WORK TASK:
Find and copy each line in the material below where the string "intro" occurs.

INFORMATION SUPPLIED:
——

lemma prob_bad_pair_le:
  assumes p: "0 < p" "p \<le> 1"
  shows "measure_pmf.prob (gnp n p) {E. bad_pair n k p \<delta> E}
           \<le> real (n ^ (2 * k)) * p powr ((1 - 3 * \<delta>) * (real (k choose 2) * p))"
proof -
  let ?\<mu> = "real (k choose 2) * p"
  define \<K> where "\<K> = {U. U \<subseteq> {..<n} \<and> card U = k}"
  define W where "W = {(U, f) \<in> (SIGMA U:\<K>. U \<rightarrow>\<^sub>E {..<n}).
                          inj_on f U \<and> real (card (U \<inter> f ` U)) \<le> \<delta> * real k}"
  have fin_Sigma: "finite (SIGMA U:\<K>. U \<rightarrow>\<^sub>E {..<n})"
    unfolding \<K>_def by (rule finite_subsets_funcset)
  have W_sub: "W \<subseteq> (SIGMA U:\<K>. U \<rightarrow>\<^sub>E {..<n})" by (auto simp: W_def)
  have "card W \<le> n ^ (2 * k)"
    by (rule order_trans[OF card_mono[OF fin_Sigma W_sub]]) (simp add: \<K>_def card_subsets_funcset_le)
  have "{E. bad_pair n k p \<delta> E} \<subseteq> (\<Union>(U, f)\<in>W. {E. bad_witness k ?\<mu> \<delta> U f E})"
  proof
    fix E assume "E \<in> {E. bad_pair n k p \<delta> E}"
    then obtain U f where "U \<subseteq> {..<n}" "card U = k" "f \<in> U \<rightarrow>\<^sub>E {..<n}" "inj_on f U"
      "real (card (U \<inter> f ` U)) \<le> \<delta> * real k" "bad_witness k ?\<mu> \<delta> U f E"
      using bad_pair_imp_bad_witness by blast
    then show "E \<in> (\<Union>(U, f)\<in>W. {E. bad_witness k ?\<mu> \<delta> U f E})"
      unfolding W_def \<K>_def by blast
  qed
  then have "measure_pmf.prob (gnp n p) {E. bad_pair n k p \<delta> E}
      \<le> measure_pmf.prob (gnp n p) (\<Union>(U, f)\<in>W. {E. bad_witness k ?\<mu> \<delta> U f E})"
    by (rule measure_pmf.finite_measure_mono) simp
  also have "\<dots> \<le> (\<Sum>(U, f)\<in>W. measure_pmf.prob (gnp n p) {E. bad_witness k ?\<mu> \<delta> U f E})"
    using measure_pmf.finite_measure_subadditive_finite[OF finite_subset[OF W_sub fin_Sigma],
        of "\<lambda>(U, f). {E. bad_witness k ?\<mu> \<delta> U f E}"]
    by (simp add: prod.case_distrib)
  also have "\<dots> \<le> (\<Sum>(U, f)\<in>W. p powr ((1 - 3 * \<delta>) * ?\<mu>))"
  proof (rule sum_mono, clarify)
    fix U f assume "(U, f) \<in> W"
    then have "U \<subseteq> {..<n}" "inj_on f U" "f ` U \<subseteq> {..<n}" "real (card (U \<inter> f ` U)) \<le> \<delta> * real k"
      by (auto simp: W_def \<K>_def)
    with p show "measure_pmf.prob (gnp n p) {E. bad_witness k ?\<mu> \<delta> U f E} \<le> p powr ((1 - 3 * \<delta>) * ?\<mu>)"
      by (intro prob_bad_witness_le)
  qed
  also have "\<dots> \<le> real (n ^ (2 * k)) * p powr ((1 - 3 * \<delta>) * ?\<mu>)"
    using \<open>card W \<le> n ^ (2 * k)\<close> by (simp add: mult_right_mono)
  finally show ?thesis .
qed

lemma eventually_ln_le_root4: "\<forall>\<^sub>F n in sequentially. 32 * ln (real n) \<le> ln 2 * real n powr (1/4)"
  by real_asymp

lemma ln_le_sqrt_mul_ln_ratio:
  fixes x d :: real
  assumes x: "1 \<le> x" "32 * ln x \<le> ln 2 * x powr (1/4)"
    and d: "1 \<le> d" "d \<le> x / 2" "64 \<le> sqrt d"
  shows "32 * ln x \<le> sqrt d * ln (x / d)"
proof (cases "d \<le> sqrt x")
  case True
  have "ln d \<le> ln (sqrt x)" using True d(1) x(1) by (subst ln_le_cancel_iff) auto
  also have "\<dots> = ln x / 2" using x(1) by (simp add: ln_sqrt)
  finally have "ln x / 2 \<le> ln (x / d)" using d(1) x(1) by (simp add: ln_div)
  moreover have "0 \<le> ln x" using x(1) by simp
  ultimately have "64 * (ln x / 2) \<le> sqrt d * ln (x / d)"
    using d(1,3) by (intro mult_mono) auto
  then show ?thesis by simp
next
  case False
  have "x powr (1/4) = sqrt (sqrt x)"
    using x(1) by (simp add: sqrt_def root_powr_inverse powr_powr)
  also have "\<dots> \<le> sqrt d" using False by simp
  finally have "x powr (1/4) \<le> sqrt d" .
  moreover have "ln 2 \<le> ln (x / d)" using d(1,2) by (simp add: field_simps)
  ultimately have "ln 2 * x powr (1/4) \<le> sqrt d * ln (x / d)"
    using d(1) by (subst mult.commute, intro mult_mono) auto
  then show ?thesis using x(2) by linarith
qed

lemma sparse_regime_bounds:
  fixes n k :: nat and d \<delta> :: real
  assumes \<delta>: "0 < \<delta>" "\<delta> \<le> 1/16384" and d: "1 \<le> d" "d \<le> real n / 2"
    and k: "real n / sqrt d \<le> real k" "real k \<le> sqrt \<delta> * real n"
  shows "2 \<le> n" "2 \<le> k" "128 \<le> sqrt d" "sqrt d \<le> real k * (d / real n)"
proof -
  show "2 \<le> n" using d by linarith
  then have n: "0 < real n" by simp
  have "sqrt d > 0" using d(1) by simp
  have "(2 * sqrt d)\<^sup>2 = 2 * 2 * d" using d(1) by (simp add: power_mult_distrib)
  also have "\<dots> \<le> 2 * real n" using d(2) by simp
  also have "\<dots> \<le> real n * real n" using \<open>2 \<le> n\<close> by (intro mult_right_mono) auto
  finally have "(2 * sqrt d)\<^sup>2 \<le> (real n)\<^sup>2" by (simp add: power2_eq_square)
  then have "2 * sqrt d \<le> real n" by (rule power2_le_imp_le) simp
  moreover have n_le: "real n \<le> real k * sqrt d" using k(1) \<open>sqrt d > 0\<close> by (simp add: divide_le_eq)
  ultimately have "2 * sqrt d \<le> real k * sqrt d" by linarith
  then have "2 \<le> real k" using \<open>sqrt d > 0\<close> by (rule mult_right_le_imp_le)
  then show "2 \<le> k" by simp
  have "sqrt \<delta> \<le> sqrt (1/16384)" using \<delta>(2) by simp
  then have "sqrt \<delta> \<le> 1/128" by (simp add: real_sqrt_divide)
  have "real n \<le> real k * sqrt d" by (fact n_le)
  also have "\<dots> \<le> sqrt \<delta> * real n * sqrt d" using k(2) \<open>sqrt d > 0\<close> by (intro mult_right_mono) auto
  also have "\<dots> \<le> 1/128 * real n * sqrt d"
    using \<open>sqrt \<delta> \<le> 1/128\<close> n \<open>sqrt d > 0\<close> by (intro mult_right_mono) auto
  finally show "128 \<le> sqrt d" using n by simp
  have "sqrt d = real n / sqrt d * (d / real n)"
    using n d(1) by (simp add: real_div_sqrt)
  also have "\<dots> \<le> real k * (d / real n)"
    using k(1) n d(1) by (intro mult_right_mono) auto
  finally show "sqrt d \<le> real k * (d / real n)" .
qed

——

RESPONSE BELOW:
      by (intro prob_bad_witness_le)
    using d(1,3) by (intro mult_mono) auto
    using d(1) by (subst mult.commute, intro mult_mono) auto
  also have "\<dots> \<le> real n * real n" using \<open>2 \<le> n\<close> by (intro mult_right_mono) auto
  also have "\<dots> \<le> sqrt \<delta> * real n * sqrt d" using k(2) \<open>sqrt d > 0\<close> by (intro mult_right_mono) auto
    using \<open>sqrt \<delta> \<le> 1/128\<close> n \<open>sqrt d > 0\<close> by (intro mult_right_mono) auto
    using k(1) n d(1) by (intro mult_right_mono) auto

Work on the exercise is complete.